China launches Turkish satelliteDecember 18, 2012 in Astronomy & Space / Space Exploration
China early Wednesday "successfully" launched a Turkish earth observation satellite into orbit aboard a Chinese rocket, according to state media, hailed in Turkey as a "historic moment".
A statement from the Jiuquan Satellite Launch Center in northwest China's Gobi Desert said the satellite was launched at 12:13 am (1613 GMT Tuesday) and was delivered into its predetermined orbit by a Long March 2D rocket, the official Xinhua news agency reported.

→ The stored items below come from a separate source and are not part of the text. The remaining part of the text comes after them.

(* Let $U$ be a countably infinite universe and let $\mathcal{C}=(L_1,L_2,\ldots)$ be a countable collection of languages over $U$. For every finite $n$, there exists an algorithm $\mathcal{A}$ that non-uniformly generates from $\mathcal{C}$, with generation times $t(L_1),t(L_2),\ldots$ (where $t(L_i)=t_{\mathcal{A}}(L_i)$), such that the following holds: every algorithm $\mathcal{G}$ with $t_{\mathcal{G}}(L_i)<t(L_i)$ for some $i\le n$ satisfies $t_{\mathcal{G}}(L_j)>t(L_j)$ for some other index $j\neq i$ with $j\le n$.
   Context: A language is an infinite subset of $U$. A collection $\mathcal{C}=(L_1,L_2,\ldots)$ is a sequence of languages; repetitions are allowed and entries are distinguished by their index. An enumeration of a language $L$ is a sequence $x_1,x_2,\ldots$ with $x_t\in L$ for all $t$ and such that every $x\in L$ equals $x_t$ for some finite $t$. A generating algorithm, at each time step $t\ge 1$, receives $x_1,\ldots,x_t$ and outputs a string $z_t\in U$. $S_t$ denotes the set of distinct strings among $x_1,\ldots,x_t$. An algorithm $\mathcal{G}$ non-uniformly generates from $\mathcal{C}$ if for every index $i$ there is a finite number $t(L_i)$ such that for every enumeration of $L_i$ presented to $\mathcal{G}$, $z_t\in L_i\setminus S_t$ for all $t$ with $|S_t|\ge t(L_i)$. The generation time $t_{\mathcal{G}}(L_i)$ of an algorithm $\mathcal{G}$ for $L_i$ is the least such number (and $\infty$ if none exists). *)

theory Defs
  imports Main "HOL-Library.Extended_Nat" "HOL-Library.Countable"
begin

text \<open>A generating algorithm maps the finite prefix x_1,...,x_t (as a list, t >= 1)
  to its alg_output z_t.  An enumeration is a sequence x :: nat => 'u (x 0 plays the role of x_1).\<close>

type_synonym 'u algorithm = "'u list \<Rightarrow> 'u"

definition enumeration :: "'u set \<Rightarrow> (nat \<Rightarrow> 'u) \<Rightarrow> bool" where
  "enumeration L x \<longleftrightarrow> (\<forall>t. x t \<in> L) \<and> (\<forall>y\<in>L. \<exists>t. x t = y)"

definition S_set :: "(nat \<Rightarrow> 'u) \<Rightarrow> nat \<Rightarrow> 'u set" where
  "S_set x t = x ` {..<t}"

definition alg_output :: "'u algorithm \<Rightarrow> (nat \<Rightarrow> 'u) \<Rightarrow> nat \<Rightarrow> 'u" where
  "alg_output G x t = G (map x [0..<t])"

definition gen_threshold :: "'u algorithm \<Rightarrow> 'u set \<Rightarrow> nat \<Rightarrow> bool" where
  "gen_threshold G L T \<longleftrightarrow>
     (\<forall>x. enumeration L x \<longrightarrow>
        (\<forall>t\<ge>1. card (S_set x t) \<ge> T \<longrightarrow> alg_output G x t \<in> L - S_set x t))"

definition gen_time :: "'u algorithm \<Rightarrow> 'u set \<Rightarrow> enat" where
  "gen_time G L = (if \<exists>T. gen_threshold G L T then enat (LEAST T. gen_threshold G L T) else \<infinity>)"

definition nonuniformly_generates :: "'u algorithm \<Rightarrow> (nat \<Rightarrow> 'u set) \<Rightarrow> bool" where
  "nonuniformly_generates G C \<longleftrightarrow> (\<forall>i. \<exists>T. gen_threshold G (C i) T)"

end

theory Submission
  imports Defs
begin

(* Among the non-uniform generators choose one minimising the sum of its generation times on
   L_1, ..., L_n.  It is Pareto-optimal there, because every algorithm G can be patched into a
   non-uniform generator that is no slower than G on L_1, ..., L_n.  Having seen a set S, the patched
   algorithm outputs a fresh element of the intersection of all languages L_j containing S that are
   either among the first n with |S| past G's threshold for L_j, or have index at most |S| and every
   finite intersection of L_1, ..., L_j smaller than |S|; only when that intersection is exhausted
   does it defer to G.  For fixed i and |S| large, L_i belongs to the family and all members satisfy
   the second condition, so the intersection contains S, is therefore infinite, and a fresh element
   of L_i is produced. *)

lemma S_set_eq_set_prefix: "S_set x t = set (map x [0..<t])"
  unfolding S_set_def by (auto simp: atLeast0LessThan)

lemma S_set_subset: "enumeration L x \<Longrightarrow> S_set x t \<subseteq> L"
  unfolding enumeration_def S_set_def by auto

lemma gen_time_le_threshold: "gen_threshold G L T \<Longrightarrow> gen_time G L \<le> enat T"
  unfolding gen_time_def by (auto intro: Least_le)

lemma gen_threshold_the_gen_time:
  "gen_time G L \<noteq> \<infinity> \<Longrightarrow> gen_threshold G L (the_enat (gen_time G L))"
  unfolding gen_time_def by (auto split: if_splits intro: LeastI_ex)

lemma nonuniformly_generates_gen_time_finite:
  "nonuniformly_generates G C \<Longrightarrow> gen_time G (C i) \<noteq> \<infinity>"
  unfolding nonuniformly_generates_def using gen_time_le_threshold
  by (metis infinity_ileE)

definition small_intersections :: "(nat \<Rightarrow> 'u set) \<Rightarrow> nat \<Rightarrow> nat \<Rightarrow> bool" where
  "small_intersections C m s \<longleftrightarrow>
     (\<forall>F \<subseteq> {..m}. finite (\<Inter>j\<in>F. C j) \<longrightarrow> card (\<Inter>j\<in>F. C j) < s)"

lemma small_intersections_antimono:
  "small_intersections C m s \<Longrightarrow> k \<le> m \<Longrightarrow> small_intersections C k s"
  unfolding small_intersections_def by (meson atMost_subset_iff order_trans)

lemma eventually_small_intersections: "\<exists>s0. \<forall>s\<ge>s0. small_intersections C m s"
proof -
  define s0 where "s0 = Suc (\<Sum>F\<in>Pow {..m}. card (\<Inter>j\<in>F. C j))"
  have "card (\<Inter>j\<in>F. C j) < s0" if "F \<subseteq> {..m}" for F
  proof -
    have "card (\<Inter>j\<in>F. C j) \<le> (\<Sum>F\<in>Pow {..m}. card (\<Inter>j\<in>F. C j))"
      by (rule member_le_sum) (use that in auto)
    then show ?thesis unfolding s0_def by linarith
  qed
  then have "small_intersections C m s" if "s \<ge> s0" for s
    unfolding small_intersections_def using that less_le_trans by blast
  then show ?thesis by blast
qed

lemma infinite_Inter_if_small_intersections:
  assumes "finite F" "F \<noteq> {}"
    and small: "\<And>j. j \<in> F \<Longrightarrow> small_intersections C j (card S)"
    and sub: "\<And>j. j \<in> F \<Longrightarrow> S \<subseteq> C j"
  shows "infinite (\<Inter>j\<in>F. C j)"
proof
  assume fin: "finite (\<Inter>j\<in>F. C j)"
  have "small_intersections C (Max F) (card S)"
    using assms(1,2) by (intro small Max_in)
  moreover have "F \<subseteq> {..Max F}"
    using assms(1) by auto
  ultimately have "card (\<Inter>j\<in>F. C j) < card S"
    using fin unfolding small_intersections_def by blast
  moreover have "card S \<le> card (\<Inter>j\<in>F. C j)"
    using fin sub by (intro card_mono) auto
  ultimately show False by simp
qed

definition admissible_indices :: "(nat \<Rightarrow> 'u set) \<Rightarrow> nat \<Rightarrow> (nat \<Rightarrow> nat) \<Rightarrow> 'u set \<Rightarrow> nat set" where
  "admissible_indices C n T S = {j. S \<subseteq> C j \<and>
     (j \<le> card S \<and> small_intersections C j (card S) \<or> j < n \<and> T j \<le> card S)}"

definition fresh_candidates :: "(nat \<Rightarrow> 'u set) \<Rightarrow> nat \<Rightarrow> (nat \<Rightarrow> nat) \<Rightarrow> 'u set \<Rightarrow> 'u set" where
  "fresh_candidates C n T S = (\<Inter>j\<in>admissible_indices C n T S. C j) - S"

definition patched_generator ::
    "(nat \<Rightarrow> 'u set) \<Rightarrow> nat \<Rightarrow> (nat \<Rightarrow> nat) \<Rightarrow> 'u algorithm \<Rightarrow> 'u algorithm" where
  "patched_generator C n T G xs =
     (if fresh_candidates C n T (set xs) = {} then G xs
      else SOME y. y \<in> fresh_candidates C n T (set xs))"

lemma patched_generator_in_fresh_candidates:
  "fresh_candidates C n T (set xs) \<noteq> {} \<Longrightarrow>
     patched_generator C n T G xs \<in> fresh_candidates C n T (set xs)"
  unfolding patched_generator_def by (auto intro: someI_ex)

lemma gen_threshold_patched_generator_keep:
  assumes "j < n" and thr: "gen_threshold G (C j) (T j)"
  shows "gen_threshold (patched_generator C n T G) (C j) (T j)"
  unfolding gen_threshold_def
proof (intro allI impI)
  fix x t assume en: "enumeration (C j) x" and "1 \<le> t" and large: "T j \<le> card (S_set x t)"
  let ?xs = "map x [0..<t]"
  show "alg_output (patched_generator C n T G) x t \<in> C j - S_set x t"
  proof (cases "fresh_candidates C n T (set ?xs) = {}")
    case True
    then have "alg_output (patched_generator C n T G) x t = alg_output G x t"
      unfolding alg_output_def patched_generator_def by simp
    with thr en \<open>1 \<le> t\<close> large show ?thesis
      unfolding gen_threshold_def by simp
  next
    case False
    have "j \<in> admissible_indices C n T (S_set x t)"
      unfolding admissible_indices_def using \<open>j < n\<close> large S_set_subset[OF en] by auto
    then have "fresh_candidates C n T (S_set x t) \<subseteq> C j - S_set x t"
      unfolding fresh_candidates_def by auto
    moreover have "patched_generator C n T G ?xs \<in> fresh_candidates C n T (set ?xs)"
      using False by (rule patched_generator_in_fresh_candidates)
    ultimately show ?thesis
      unfolding alg_output_def S_set_eq_set_prefix by blast
  qed
qed

lemma gen_threshold_patched_generator: "\<exists>N. gen_threshold (patched_generator C n T G) (C i) N"
proof -
  obtain s0 where s0: "\<And>s. s \<ge> s0 \<Longrightarrow> small_intersections C (max i n) s"
    using eventually_small_intersections by blast
  have "gen_threshold (patched_generator C n T G) (C i) (max s0 (max i n))"
    unfolding gen_threshold_def
  proof (intro allI impI)
    fix x t assume en: "enumeration (C i) x" and "1 \<le> t"
      and large: "max s0 (max i n) \<le> card (S_set x t)"
    define S where "S = S_set x t"
    define F where "F = admissible_indices C n T S"
    have small: "small_intersections C j (card S)" if "j \<in> F" for j
    proof (cases "j < n")
      case True
      then show ?thesis
        using s0 large small_intersections_antimono unfolding S_def by fastforce
    next
      case False
      with that show ?thesis unfolding F_def admissible_indices_def by auto
    qed
    have "F \<subseteq> {..card S}"
      using large unfolding F_def admissible_indices_def S_def by auto
    then have "finite F" by (rule finite_subset) simp
    have "i \<in> F"
      using large small_intersections_antimono[OF s0] S_set_subset[OF en]
      unfolding F_def admissible_indices_def S_def by auto
    have "S \<subseteq> C j" if "j \<in> F" for j
      using that unfolding F_def admissible_indices_def by blast
    with \<open>finite F\<close> \<open>i \<in> F\<close> small have "infinite (\<Inter>j\<in>F. C j)"
      by (intro infinite_Inter_if_small_intersections) auto
    moreover have "finite S" unfolding S_def S_set_def by simp
    ultimately have "fresh_candidates C n T S \<noteq> {}"
      unfolding fresh_candidates_def F_def[symmetric] by (metis Diff_infinite_finite finite.emptyI)
    then have "alg_output (patched_generator C n T G) x t \<in> fresh_candidates C n T S"
      unfolding alg_output_def S_def S_set_eq_set_prefix
      by (rule patched_generator_in_fresh_candidates)
    moreover have "fresh_candidates C n T S \<subseteq> C i - S"
      using \<open>i \<in> F\<close> unfolding fresh_candidates_def F_def by auto
    ultimately show "alg_output (patched_generator C n T G) x t \<in> C i - S_set x t"
      unfolding S_def by blast
  qed
  then show ?thesis by blast
qed

lemma nonuniformly_generates_patched_generator:
  "nonuniformly_generates (patched_generator C n T G) C"
  unfolding nonuniformly_generates_def using gen_threshold_patched_generator by blast

lemma ex_nonuniform_generator_dominating:
  assumes "\<And>j. j < n \<Longrightarrow> gen_time G (C j) \<noteq> \<infinity>"
  shows "\<exists>A. nonuniformly_generates A C \<and> (\<forall>j<n. gen_time A (C j) \<le> gen_time G (C j))"
proof -
  define T where "T j = the_enat (gen_time G (C j))" for j
  define A where "A = patched_generator C n T G"
  have "gen_time A (C j) \<le> gen_time G (C j)" if "j < n" for j
  proof -
    have "gen_threshold A (C j) (T j)"
      unfolding A_def T_def
      by (intro gen_threshold_patched_generator_keep gen_threshold_the_gen_time assms that)
    then have "gen_time A (C j) \<le> enat (T j)" by (rule gen_time_le_threshold)
    also have "enat (T j) = gen_time G (C j)"
      unfolding T_def using assms[OF that] by auto
    finally show ?thesis .
  qed
  then show ?thesis
    unfolding A_def using nonuniformly_generates_patched_generator by blast
qed

lemma ex_pareto_minimal:
  fixes f :: "'a \<Rightarrow> nat \<Rightarrow> enat"
  assumes "P a" and finite_values: "\<And>a j. P a \<Longrightarrow> j < n \<Longrightarrow> f a j \<noteq> \<infinity>"
  shows "\<exists>a. P a \<and> (\<forall>b. P b \<and> (\<forall>j<n. f b j \<le> f a j) \<longrightarrow> (\<forall>j<n. f b j = f a j))"
proof -
  define cost where "cost a = (\<Sum>j<n. the_enat (f a j))" for a
  obtain a where "P a" and least: "\<And>b. P b \<Longrightarrow> cost a \<le> cost b"
    using ex_has_least_nat[of P a cost] \<open>P a\<close> by blast
  have "\<forall>j<n. f b j = f a j" if "P b" and le: "\<forall>j<n. f b j \<le> f a j" for b
  proof (rule ccontr)
    assume "\<not> (\<forall>j<n. f b j = f a j)"
    then obtain i where "i < n" and "f b i < f a i"
      using le by (auto simp: order.order_iff_strict)
    have the_enat_le: "the_enat (f b j) \<le> the_enat (f a j)" if "j < n" for j
      using le finite_values[OF \<open>P a\<close> that] finite_values[OF \<open>P b\<close> that] that by auto
    have "the_enat (f b i) < the_enat (f a i)"
      using \<open>f b i < f a i\<close> finite_values[OF \<open>P a\<close> \<open>i < n\<close>]
        finite_values[OF \<open>P b\<close> \<open>i < n\<close>] by auto
    then have "cost b < cost a"
      unfolding cost_def using the_enat_le \<open>i < n\<close> by (intro sum_strict_mono_ex1) auto
    with least[OF \<open>P b\<close>] show False by simp
  qed
  with \<open>P a\<close> show ?thesis by blast
qed

theorem mainTheorem1:
  fixes C :: "nat \<Rightarrow> ('u::countable) set" and n :: nat
  assumes "infinite (UNIV :: 'u set)"
    and "\<And>i. infinite (C i)"
  shows "\<exists>A. nonuniformly_generates A C \<and>
           (\<forall>G i. i < n \<and> gen_time G (C i) < gen_time A (C i) \<longrightarrow>
              (\<exists>j<n. j \<noteq> i \<and> gen_time G (C j) > gen_time A (C j)))"
proof -
  obtain A0 where "nonuniformly_generates A0 C"
    using ex_nonuniform_generator_dominating[of 0] by blast
  then have "\<exists>A. nonuniformly_generates A C \<and> (\<forall>B. nonuniformly_generates B C \<and>
      (\<forall>j<n. gen_time B (C j) \<le> gen_time A (C j)) \<longrightarrow> (\<forall>j<n. gen_time B (C j) = gen_time A (C j)))"
    by (rule ex_pareto_minimal[where f = "\<lambda>A j. gen_time A (C j)"])
      (rule nonuniformly_generates_gen_time_finite)
  then obtain A where A: "nonuniformly_generates A C"
    and pareto: "\<And>B. nonuniformly_generates B C \<Longrightarrow> \<forall>j<n. gen_time B (C j) \<le> gen_time A (C j)
                   \<Longrightarrow> \<forall>j<n. gen_time B (C j) = gen_time A (C j)"
    by blast
  have "\<exists>j<n. j \<noteq> i \<and> gen_time G (C j) > gen_time A (C j)"
    if "i < n" and faster: "gen_time G (C i) < gen_time A (C i)" for G i
  proof (rule ccontr)
    assume "\<not> ?thesis"
    with faster have G_le_A: "\<forall>j<n. gen_time G (C j) \<le> gen_time A (C j)"
      by (metis less_imp_le not_le)
    then have "\<forall>j<n. gen_time G (C j) \<noteq> \<infinity>"
      using nonuniformly_generates_gen_time_finite[OF A] by (metis enat_ord_simps(5))
    then obtain B where B: "nonuniformly_generates B C"
      and B_le_G: "\<forall>j<n. gen_time B (C j) \<le> gen_time G (C j)"
      using ex_nonuniform_generator_dominating by blast
    from pareto[OF B] B_le_G G_le_A have "gen_time B (C i) = gen_time A (C i)"
      using order_trans \<open>i < n\<close> by blast
    with B_le_G faster \<open>i < n\<close> show False by (metis leD order.strict_trans2)
  qed
  with A show ?thesis by blast
qed

end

The satellite, jointly developed by Turkey's Space Technologies Research Institute and Turkish Aerospace Industries, will mainly be used for environmental protection, mineral resource exploration, urban planning and disaster monitoring and management, the statement said.
In Ankara, Turkish Prime Minister Recep Tayyip Erdogan watched the launch live from giant screens along with hundreds of Turks. "It is a historic moment for our nation," he said following the launch.
"In the past we did send satellites to space but Gokturk-2 has proven that we are now a country with a claim in this field. We are rising to position ourselves as one of the 25 countries which are capable of producing their own satellites."
He said Turkey, as the next step, would aim to become one of the few countries with its own launch pad.
China views satellite launches as part of its ambitious space programme. The country sent its first female astronaut, Liu Yang, into space earlier this year on the Shenzhou-9 in China's first manual space docking mission.